The Cross-Beta DB is a database focused on gathering naturally occurring-cross-beta-forming amyloids into one place.
All data present in it have shown experimental proof of cross-beta structure formation following the later criteria.
The main purpose of the database is to provide data for training and benchmarking of new amyloid prediction models (see
Cross-Beta predictor).
But it also includes data about experimental conditions and other information for general usage. All entries of the
database are downloadable individually or by group. The benchmark set and other database versions used can be download in the
"Download" section.
The full description of all the variables present in the database and accessible by downloading one or several entries is available
Here.
For more information about how to use the database interface and all the features in it, check the
"Tutorial" section.
Due to a shift in environmental conditions or other factors, certain soluble proteins undergo aggregation,
resulting in the formation of clumps of amyloid fibrils. Understanding of this phenomenon is of paramount
importance due to its association with various diseases including Alzheimer's disorder as well as an increasingly
abundant data on its functional roles. Numerous studies have demonstrated that the propensity to form amyloids
is coded by the amino acid sequence and this finding paved the way for the development of several computational
predictors of amyloidogenicity. The ultimate objective of computational methods is to accurately predict the
formation of disease-related and functionally relevant amyloids that occur in vivo. These amyloid fibrils are
known to form a very specific “cross-beta structure” by protein regions longer than about 15 residues. Remarkably,
despite the significance of naturally occurring amyloids, there had been a lack of datasets specifically dedicated
to them. Hence, we built Cross-Beta DB, a database composed of cross-beta amyloids formed in the natural conditions.
This database is expected to be indispensable for benchmarking amyloid predictors.

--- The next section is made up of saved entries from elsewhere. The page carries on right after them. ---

(* Assume (H1)–(H9) with (H7) in the form (H7-$\varepsilon$) (resp. (H7-WFL)), as described in the context, and let $\mu>\overline A$. Then there exist a decreasing family of events $\Omega_0^\varepsilon\subseteq\Omega_1^\varepsilon$ with $P(\Omega_0^\varepsilon)=1-\theta(\varepsilon)$, $\theta(\varepsilon)\to0$ as $\varepsilon\to0$ (resp. an event $\Omega_0$ of full probability), and a function $\overline m_\mu:\mathbb R\times\mathbb R\to[0,+\infty)$ such that for every $\omega\in\Omega_0^\varepsilon$ (resp. $\omega\in\Omega_0$) and all $x,y\in\mathbb R$, $$\frac{m_\mu(ty,tx,\omega)}{t}\to\overline m_\mu(y,x)\quad\text{as }t\to\infty.$$
   Context: $(\Omega,\mathbf F,P)$ probability space; $H:\mathbb R\times\mathbb R\times\Omega\to\mathbb R$ measurable; for Borel $V$, $\mathbf F(V)$ is the $\sigma$-algebra generated by $\omega\mapsto H(p,y,\omega)$, $y\in V$, $p\in\mathbb R$. $(\tau_z)$ is an ergodic group of measure-preserving maps of $\Omega$. (H1) $H$ Lipschitz in $p$ uniformly in $(y,\omega)$. (H2) $-c_0|p+\gamma|\le H\le C_0|p+\gamma|$. (H3) $\lim_{|p|\to\infty}\inf_{(y,\omega)}H=+\infty$. (H4) $|H(p,y,\omega)-H(p,x,\omega)|\le w(|x-y|(1+|p|))$. (H5) $H$ convex in $p$. (H6) $H(p,y,\omega)\ge H(0,y,\omega)$. (H7-WFL) $H=\phi(y)H_L+(1-\phi(y))H_R$, $\phi\in C^\infty$ non-increasing, $\phi=1$ on $(-\infty,-1]$, $0$ on $[1,\infty)$; or (H7-$\varepsilon$) $H_0\ge H_L,H_R$ and $H=\psi_1^\varepsilon(-y)H_L+H_0(1-\psi_1^\varepsilon(-y))(1-\psi_1^\varepsilon(y))+\psi_1^\varepsilon(y)H_R$, $\psi_1^\varepsilon\in C^\infty$, $=1$ for $y>2/\sqrt\varepsilon$, $=0$ for $y<1/\sqrt\varepsilon$. (H8) $H_\alpha(p,y+z,\omega)=H_\alpha(p,y,\tau_z\omega)$, $\alpha\in\{L,R,0\}$. (H9) $\mathbf F(U),\mathbf F(V)$ independent if $d(U,V)\ge1$. Let $\mu^\star_\alpha$ be the a.s. constant $\inf\{\mu:\exists v$ globally Lipschitz, $H_\alpha(Dv,y,\omega)\le\mu$ in $\mathbb R\}$. Under (H7-WFL), $\overline A=\max(\mu^\star_L,\mu^\star_R)$; under (H7-$\varepsilon$), $\overline A=\mu^\star_0$, and $\Omega_1^\varepsilon$ denotes a decreasing family of events with $P(\Omega_1^\varepsilon)\to1$ on which $\tilde A(\omega)=\overline A$, where $\tilde A(\omega)=\inf\{\mu:\exists v$ globally Lipschitz, $H(Dv,y,\omega)\le\mu$ in $\mathbb R\}$. The metric function is $m_\mu(y,x,\omega)=\sup\{v(y)-v(x):\ v$ globally Lipschitz, $H(Dv,z,\omega)\le\mu$ in $\mathbb R$ (viscosity sense)$\}$. *)

theory Defs
  imports "HOL-Analysis.Analysis" "HOL-Probability.Probability"
begin
text \<open>Measure the phase of \<open>j\<close> from a base point chosen on its cycle; this is well defined because
  \<open>cycle_phase\<close> is periodic with the period \<open>l\<close> of the cycle.\<close>
lemma uniform_cycles_imp_phases:
  fixes u :: "'n::finite \<Rightarrow> 'n"
  assumes m: "0 < m" and u: "permutation u" and U: "uniform_cycles m u a T l s"
  obtains \<phi> :: "'n \<Rightarrow> complex" where "\<And>j. norm (\<phi> j) = 1"
    and "\<And>j. j \<in> T \<Longrightarrow> unit_root m (a j) * \<phi> j = unit_root (m * l) (int s) * \<phi> (u j)"
proof
  define base where "base j = (SOME y. y \<in> orbit u j)" for j
  have orbit_base: "orbit u (base j) = orbit u j" for j
    unfolding base_def using permutation_self_in_orbit[OF u] by (metis someI orbit_eq_if_mem[OF u])
  have base_u: "base (u j) = base j" for j
    unfolding base_def permutation_orbit_step[OF u] ..
  define shift where "shift j = (SOME k. (u ^^ k) (base j) = j)" for j
  have shift: "(u ^^ shift j) (base j) = j" for j
  proof -
    have "j \<in> orbit u (base j)"
      using orbit_base permutation_self_in_orbit[OF u] by simp
    then obtain k where "(u ^^ k) (base j) = j"
      by (metis imageE orbit_eq_funpow_image[OF u])
    then show ?thesis
      unfolding shift_def by (rule someI)
  qed
  define \<phi> where "\<phi> j = cycle_phase m l s u a (base j) (shift j)" for j
  show "norm (\<phi> j) = 1" for j
    by (simp add: \<phi>_def)
  fix j assume "j \<in> T"
  then have "card (orbit u (base j)) = l \<and> cyc_weight a (orbit u (base j)) mod int m = int s mod int m"
    using U unfolding uniform_cycles_def orbit_base by blast
  moreover have "(u ^^ shift (u j)) (base j) = (u ^^ Suc (shift j)) (base j)"
    using shift[of "u j"] shift[of j] base_u by simp
  ultimately have "\<phi> (u j) = cycle_phase m l s u a (base j) (Suc (shift j))"
    unfolding \<phi>_def base_u using cycle_phase_cong[OF m u] by blast
  also have "\<dots> = unit_root (m * l) (- int s) * unit_root m (a j) * \<phi> j"
    unfolding cycle_phase_Suc shift \<phi>_def ..
  finally show "unit_root m (a j) * \<phi> j = unit_root (m * l) (int s) * \<phi> (u j)"
    by (simp add: mult.assoc[symmetric] flip: unit_root_add)
qed

lemma uniform_cycles_eigen_power_eq_imp_eq:
  fixes u :: "'n::finite \<Rightarrow> 'n"
  assumes m: "0 < m" and u: "permutation u" and U: "uniform_cycles m u a T l s" and "j \<in> T"
    and eig: "\<And>j. unit_root m (a j) * v $ j = unit_root (m * l) (int s) * v $ (u j)"
    and "v $ ((u ^^ k) j) \<noteq> 0" and pow: "v $ ((u ^^ k) j) ^ m = v $ j ^ m"
  shows "(u ^^ k) j = j"
proof -
  have "(unit_root (m * l) (int s) ^ m) ^ k * v $ ((u ^^ k) j) ^ m = v $ ((u ^^ k) j) ^ m"
    using eigen_funpow_power[OF m eig, of k j] pow by simp
  then have "(unit_root (m * l) (int s) ^ m) ^ k = 1"
    using \<open>v $ ((u ^^ k) j) \<noteq> 0\<close> by simp
  then have "l dvd s * k"
    using unit_root_power_eq_1_iff[OF m, of l s k] U by (simp add: uniform_cycles_def mult.commute)
  then have "card (orbit u j) dvd k"
    using U \<open>j \<in> T\<close> unfolding uniform_cycles_def by (simp add: coprime_commute coprime_dvd_mult_right_iff)
  then show ?thesis
    using funpow_eq_self_iff_dvd[OF u] by simp
qed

Moreover, as machine learning is
demonstrating its high potential in various fields, we used Cross-Beta DB to train several such algorithms. Their
benchmark revealed that Cross-Beta RF Predictor, developed on the basis of the random forest algorithm demonstrates
the best performance. The benchmark results also demonstrate superior performance of Cross-Beta RF Predictor over
the other existing methods, fostering high expectations for an improved prediction of naturally occurring amyloids.